(Source data)
^^^^^^^^^^^^^^^^

lemma loewner_le_scaleR_mat_1_right:
  "loewner_le H (c *\<^sub>R mat 1) \<longleftrightarrow> (\<forall>x. x \<bullet> (H *v x) \<le> c * (x \<bullet> x))"
  by (simp add: loewner_le_def flip: scaleR_matrix_vector_assoc)

lemma square_add_le_weighted:
  fixes a t g L r :: real
  assumes "0 < L" "0 \<le> r"
  shows "(a + r * t * g)^2 \<le> (a^2 / L + r * t^2) * (L + r * g^2)"
proof -
  have "(a^2 / L + r * t^2) * (L + r * g^2) - (a + r * t * g)^2 = r * (a * g - t * L)^2 / L"
    using assms(1) by (simp add: field_simps power2_eq_square)
  also have "\<dots> \<ge> 0" using assms by simp
  finally show ?thesis by simp
qed

lemma le_mult_increase_factor:
  fixes a L L' Q :: real
  assumes "0 \<le> a" "a \<le> L * Q" "0 < L" "L \<le> L'"
  shows "a \<le> L' * Q"
proof -
  have "0 \<le> Q"
  proof (rule ccontr)
    assume "\<not> 0 \<le> Q"
    hence "L * Q < 0" using assms(3) by (simp add: mult_pos_neg)
    thus False using assms(1,2) by simp
  qed
  thus ?thesis using assms(2,4) by (meson mult_right_mono order_trans)
qed

definition bfgs_update :: "real^'n^'n \<Rightarrow> real^'n \<Rightarrow> real^'n \<Rightarrow> real^'n^'n" where
  "bfgs_update H s y =
     (let rho = 1 / (s \<bullet> y)
      in (mat 1 - rho *\<^sub>R outer s y) ** H ** (mat 1 - rho *\<^sub>R outer y s) + rho *\<^sub>R outer s s)"
(* Consider the setting described in the context. For every $k\in\mathcal{K}=\{0,1,\dots,N\}$, the conditional mean $\mathbb{E}[x_k\mid \mathcal{I}^e_k]$ is the minimum mean-square-error estimator of $x_k$ given $\mathcal{I}^e_k$, and it satisfies $$\mathbb{E}[x_k\mid \mathcal{I}^e_k]=A^{\zeta_k}x_{k-\zeta_k}+\sum_{t=1}^{\zeta_k}A^{t-1}Bu_{k-t}.$$
   Context: Let $n,m\ge 1$, $N\in\mathbb{N}$, and $\mathcal{K}=\{0,1,\dots,N\}$. A process evolves as $x_{k+1}=Ax_k+Bu_k+w_k$ with output $y_k=x_{k-\tau_k}$ for $k\in\mathcal{K}$, where $A\in\mathbb{R}^{n\times n}$, $B\in\mathbb{R}^{n\times m}$, $u_k\in\mathbb{R}^m$ is the control input chosen by a controller based on its information, $w_k\in\mathbb{R}^n$ is Gaussian white noise with zero mean and covariance $W\succ 0$, $x_0$ is Gaussian with mean $m_0$ and covariance $M_0$, and $\tau_k\in\mathbb{N}_0$ is a random processing delay with known distribution, with $\tau_0=0$; $x_0$, the $w_k$ and the $\tau_k$ are mutually independent. At each time an event trigger chooses $\delta_k\in\{0,1\}$; if $\delta_k=1$ the current freshest observation is transmitted and received by the controller at time $k+1$ (one-step delay), otherwise nothing is received. The age of information at the event trigger is $\zeta_0=0$ and, for $k\ge1$, $\zeta_k=\tau_k$ if $\tau_k<\zeta_{k-1}+1$ and $\zeta_k=\zeta_{k-1}+1$ otherwise (so $x_{k-\zeta_k}$ is the freshest observation available at the trigger). The age of information at the controller is $\eta_0=\infty$ and, for $k\ge1$, $\eta_k=\zeta_{k-1}+1$ if $\delta_{k-1}=1$ and $\eta_k=\eta_{k-1}+1$ otherwise. The information set of the event trigger is $\mathcal{I}^e_k=\{x_{t-\zeta_t},x_{t-\eta_t},\delta_s,u_s : 0\le t\le k,\ 0\le s<k\}$ and that of the controller is $\mathcal{I}^c_k=\{x_{t-\eta_t},\delta_s,u_s: 0\le t\le k,\ 0\le s<k\}$ (entries with infinite age are void). An admissible triggering policy is a family $\pi=\{\mathbb{P}(\delta_k\mid\mathcal{I}^e_k)\}_{k=0}^N$ of Borel measurable transition kernels. *)

theory Defs
  imports "HOL-Probability.Probability"
begin

(* Matrix power A^t (note: the ring instance on vec is componentwise, so we define it). *)
fun matpow :: "real^'n^'n \<Rightarrow> nat \<Rightarrow> real^'n^'n" where
  "matpow A 0 = mat 1"
| "matpow A (Suc t) = A ** matpow A t"

definition psd_matrix :: "real^'n^'n \<Rightarrow> bool" where
  "psd_matrix S \<longleftrightarrow> transpose S = S \<and> (\<forall>c. 0 \<le> c \<bullet> (S *v c))"

definition pd_matrix :: "real^'n^'n \<Rightarrow> bool" where
  "pd_matrix S \<longleftrightarrow> transpose S = S \<and> (\<forall>c. c \<noteq> 0 \<longrightarrow> 0 < c \<bullet> (S *v c))"

definition normal_law :: "real \<Rightarrow> real \<Rightarrow> real measure" where
  "normal_law m v = (if v = 0 then return borel m else density lborel (normal_density m (sqrt v)))"

definition gaussian_vec :: "'a measure \<Rightarrow> ('a \<Rightarrow> real^'n) \<Rightarrow> real^'n \<Rightarrow> real^'n^'n \<Rightarrow> bool" where
  "gaussian_vec M X mu S \<longleftrightarrow> psd_matrix S \<and> X \<in> borel_measurable M \<and>
     (\<forall>c. distr M borel (\<lambda>\<omega>. c \<bullet> X \<omega>) = normal_law (c \<bullet> mu) (c \<bullet> (S *v c)))"

fun aoi_e :: "(nat \<Rightarrow> nat) \<Rightarrow> nat \<Rightarrow> nat" where
  "aoi_e tau 0 = 0"
| "aoi_e tau (Suc k) = (if tau (Suc k) < aoi_e tau k + 1 then tau (Suc k) else aoi_e tau k + 1)"

(* age of information at the controller; None encodes infinity *)
fun aoi_c :: "(nat \<Rightarrow> nat) \<Rightarrow> (nat \<Rightarrow> bool) \<Rightarrow> nat \<Rightarrow> nat option" where
  "aoi_c tau d 0 = None"
| "aoi_c tau d (Suc k) = (if d k then Some (aoi_e tau k + 1) else map_option Suc (aoi_c tau d k))"

definition gen_sets :: "'a measure \<Rightarrow> ('a \<Rightarrow> 'b) \<Rightarrow> 'b measure \<Rightarrow> 'a set set" where
  "gen_sets M f N = {f -` A \<inter> space M | A. A \<in> sets N}"

(* observation received by the controller at time t (void, encoded as 0, if the age is infinite) *)
definition ctrl_obs :: "(nat \<Rightarrow> 'a \<Rightarrow> real^'n) \<Rightarrow> (nat \<Rightarrow> 'a \<Rightarrow> nat) \<Rightarrow> (nat \<Rightarrow> 'a \<Rightarrow> bool) \<Rightarrow> nat \<Rightarrow> 'a \<Rightarrow> real^'n" where
  "ctrl_obs x tau \<delta> t \<omega> = (case aoi_c (\<lambda>s. tau s \<omega>) (\<lambda>s. \<delta> s \<omega>) t of None \<Rightarrow> 0 | Some e \<Rightarrow> x (t - e) \<omega>)"

definition info_c :: "'a measure \<Rightarrow> (nat \<Rightarrow> 'a \<Rightarrow> real^'n) \<Rightarrow> (nat \<Rightarrow> 'a \<Rightarrow> nat) \<Rightarrow> (nat \<Rightarrow> 'a \<Rightarrow> bool)
     \<Rightarrow> (nat \<Rightarrow> 'a \<Rightarrow> real^'m) \<Rightarrow> nat \<Rightarrow> 'a measure" where
  "info_c M x tau \<delta> u k = sigma (space M)
     ((\<Union>t\<in>{..k}. gen_sets M (\<lambda>\<omega>. aoi_c (\<lambda>s. tau s \<omega>) (\<lambda>s. \<delta> s \<omega>) t) (count_space UNIV)
                 \<union> gen_sets M (ctrl_obs x tau \<delta> t) borel)
      \<union> (\<Union>s\<in>{..<k}. gen_sets M (\<delta> s) (count_space UNIV) \<union> gen_sets M (u s) borel))"

definition info_e :: "'a measure \<Rightarrow> (nat \<Rightarrow> 'a \<Rightarrow> real^'n) \<Rightarrow> (nat \<Rightarrow> 'a \<Rightarrow> nat) \<Rightarrow> (nat \<Rightarrow> 'a \<Rightarrow> bool)
     \<Rightarrow> (nat \<Rightarrow> 'a \<Rightarrow> real^'m) \<Rightarrow> nat \<Rightarrow> 'a measure" where
  "info_e M x tau \<delta> u k = sigma (space M)
     ((\<Union>t\<in>{..k}. gen_sets M (\<lambda>\<omega>. aoi_e (\<lambda>s. tau s \<omega>) t) (count_space UNIV)
                 \<union> gen_sets M (\<lambda>\<omega>. x (t - aoi_e (\<lambda>s. tau s \<omega>) t) \<omega>) borel)
      \<union> sets (info_c M x tau \<delta> u k))"

(* sources of primitive randomness: initial state, noises, delays, trigger randomization *)
datatype src = SX0 | SW nat | STau nat | SV nat

end

theory Submission
  imports Defs
begin

text \<open>
  Let z = zeta_k be the age of the freshest observation at the trigger.  Unrolling the dynamics
  z steps back writes x_k as the claimed estimate A^z x_{k-z} + sum_{t=1..z} A^{t-1} B u_{k-t}
  plus the noise sum_{t=1..z} A^{t-1} w_{k-t} that entered after the freshest observation.
  The estimate is measurable with respect to the trigger's information I^e_k, which contains
  zeta_k, x_{k-zeta_k} and the past controls.  The crux is that each noise term w_{k-t},
  restricted to the event t <= zeta_k, is orthogonal to I^e_k: on that event all of I^e_k is a
  function of x_0, of the noises before time k - t, of the delays and of the trigger
  randomisation, which are independent of w_{k-t}.  This is proved by induction along the
  feedback loop, since the controls and triggering decisions that drive the state depend on
  earlier information.  Hence the estimate is the conditional mean, and the conditional mean of
  a square-integrable variable minimises the mean-square error among all I^e_k-measurable
  estimators.

  Gaussianity is used only through zero mean and finite second moments.
\<close>

section \<open>Vectors and Gaussian moments\<close>

lemma borel_measurable_vec_nth: "f \<in> borel_measurable S \<Longrightarrow> (\<lambda>\<omega>. f \<omega> $ j) \<in> borel_measurable S"
  using borel_measurable_continuous_on[of "\<lambda>y. y $ j" f S]
    continuous_on_component[OF continuous_on_id, of UNIV j] by simp

lemma borel_measurable_vec_lambda:
  "(\<And>i. g i \<in> borel_measurable S) \<Longrightarrow> (\<lambda>\<omega>. (\<chi> i. g i \<omega>) :: real^'n) \<in> borel_measurable S"
  unfolding borel_measurable_euclidean_space[where 'c="real^'n"] Basis_vec_def
  by (auto simp: inner_axis)

lemma borel_measurable_matrix_vector_mult:
  "f \<in> borel_measurable S \<Longrightarrow> (\<lambda>\<omega>. (C :: real^'p^'q) *v f \<omega>) \<in> borel_measurable S"
  by (rule borel_measurable_continuous_on[OF matrix_vector_mult_linear_continuous_on])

^^^^^^^^^^^^^^^^

:: EXERCISE REQUIREMENTS ::
One number is all the reply should hold: how many lines in these records include the word "delays".

:: TASK OUTPUT ::
2